I do remain, however, Australia’s foremost expert on appropriate dress at masquerade balls. In your case sir, as an officer of the court, common decency would demand that you strictly adhere to the dress code laid down by the 18th Century ducal court of Burgundy. As I’m sure you’re aware, this will mean you should wear a Van Dyke beard, a venetian carnival mask and have the rest of your costume made entirely from flax and pitch. Presumably this is what you were planning to wear in any case.

Kind regards,

Bullstrode Whitelocke K.C.

Saturday, May 29, 2010

Tips on improving your appearance

Historically, a successful lawman could expect to live a life in the law without any concern for his appearance. When I was first called to the Bar, it was not uncommon for barristers to communicate with clients, instructing solicitors and even their dry cleaners solely in writing, a dignified practice that I maintained well into the 1970s. However, with the increasing proliferation of bi-focal spectacles, a lawman’s appearance has become as important as small feet in the orient.

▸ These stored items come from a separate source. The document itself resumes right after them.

lemma abs_omega_ge_linear_near_2:
  assumes x: "1 \<le> x" "x \<le> 3" and y: "\<bar>y\<bar> \<le> 1" "y \<noteq> 0"
    and close: "\<bar>x - 2\<bar> \<le> 146 * \<bar>y\<bar>"
  shows "\<bar>y\<bar> / 2400 \<le> \<bar>omega x y\<bar>"
proof -
  have "\<bar>x^2 - 4\<bar> \<le> 146 * \<bar>y\<bar> * 5"
    unfolding abs_square_minus_4_eq using close x by (intro mult_mono) auto
  then have "2 * \<bar>x^2 - 4\<bar> + 84 * \<bar>y\<bar> \<le> 1544 * \<bar>y\<bar>"
    by simp
  have "64 * 1^2 * y^2 \<le> \<bar>omega x y\<bar> * (2 * (4 + 5 * 3^2) * (2 * \<bar>x^2 - 4\<bar> + sqrt (84^2) * \<bar>y\<bar>))"
    using abs_omega_ge[of 1 x 3 y] x y unfolding Delta_excess_3_1 by simp
  also have "\<dots> \<le> \<bar>omega x y\<bar> * (98 * (1544 * \<bar>y\<bar>))"
    using \<open>2 * \<bar>x^2 - 4\<bar> + 84 * \<bar>y\<bar> \<le> 1544 * \<bar>y\<bar>\<close> by (intro mult_left_mono) auto
  finally have "\<bar>y\<bar> * (64 * \<bar>y\<bar>) \<le> \<bar>y\<bar> * (151312 * \<bar>omega x y\<bar>)"
    by (simp add: power2_eq_square algebra_simps)
  then show ?thesis
    using y by simp
qed

lemma abs_omega_le_quadratic:
  assumes x: "0 < x" "x \<le> M" and gap: "0 < g" "g \<le> \<bar>x - 2\<bar>" and y: "\<bar>y\<bar> \<le> 1"
  shows "\<bar>omega x y\<bar> \<le> Delta_excess M 1 * y^2 / (16 * g)"
proof -
  have "8 * \<bar>omega x y\<bar> * (g * 2) \<le> 8 * \<bar>omega x y\<bar> * \<bar>x^2 - 4\<bar>"
    unfolding abs_square_minus_4_eq using x gap by (intro mult_left_mono mult_mono) auto
  also have "\<dots> \<le> Delta_excess M 1 * y^2"
    using abs_omega_mult_gap_le[OF x y] .
  finally show ?thesis
    using gap by (simp add: field_simps)
qed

As a famous flâneur, looking like a distinguished and handsome advocate has always come easily to me, but others must work at it. That being said, I have never been one to rest on my laurels and have stridently worked towards self-improvement. I was lucky enough to begin greying around the temples at age 17, and, indeed, in my halcyon days was known as the “Silver Canetoad” around the Union Club. I am now blessed with probably the thickest head of hair of any septuagenarian in Australia. Rest on my profuse, hoary laurels I do not, however, and through dedication and the constant application of lemon juice and a curling iron, I have managed to train my hair to grow in the colour, texture and style of a judicial wig. This natural hairpiece gives me around-the-clock gravitas, whether I am drafting, hunting or even just visiting the corner store. This style will also facilitate my inevitable elevation to the bench, subject of course to the necessary Constitutional amendments.

But Bullstrode, I hear you ask, are the advertisements correct? Must we cleanse and exfoliate to prevent the seven signs of aging?

This question is misguided on two fronts. First, you must never ever refer to me as Bullstrode, even to your family. I will not say this again. Second, aging is not to be discouraged. I implore you to do what you can to prematurely age your face. Colourful media personality Ian “Molly” Meldrum used to spend long hours in front of industrial grade heaters, periodically basting his face with a tonic of ammonia and basil pesto, to obvious effect. His inexorable rise in the face of a manifest lack of talent and suspected communist sympathies should be all the proof you need. For the junior lawman, I suggest rampant whoring, a well trimmed moustache and a nightly bottle of Harvey’s Bristol cream.


Ian 'Molly' Meldrum - the face that has launched 1000 ships

Friday, March 19, 2010

Remember to be handsome

Let’s be very clear on something, I am no fan of President Obama. This a notorious fact. I prefer more wholesome and family orientated American politicians like my good friend Governor Mark Sandford. Nevertheless, the brouhaha caused by President Obama’s cancelled visit to Australia is an important reminder to all of us that to be successful in the public eye, one must be fetching.

As I described in painstaking detail in On Lawmanship, for men aspiring to greatness, the importance of a pleasant countenance is not a new development. Looks have been an important aspect of advocacy and persuasion since the birth of Julian of Norwich in 1342 at which time man first became able to discern the pleasant from the repulsive. Indeed, the great persuader himself, Heraclitus, was considered almost supernaturally handsome.

So gentle readers, if you want to be successful and popular in Australia make sure you look good at all times!


My dear, dear friend John Winston’s enduring popularity was no accident.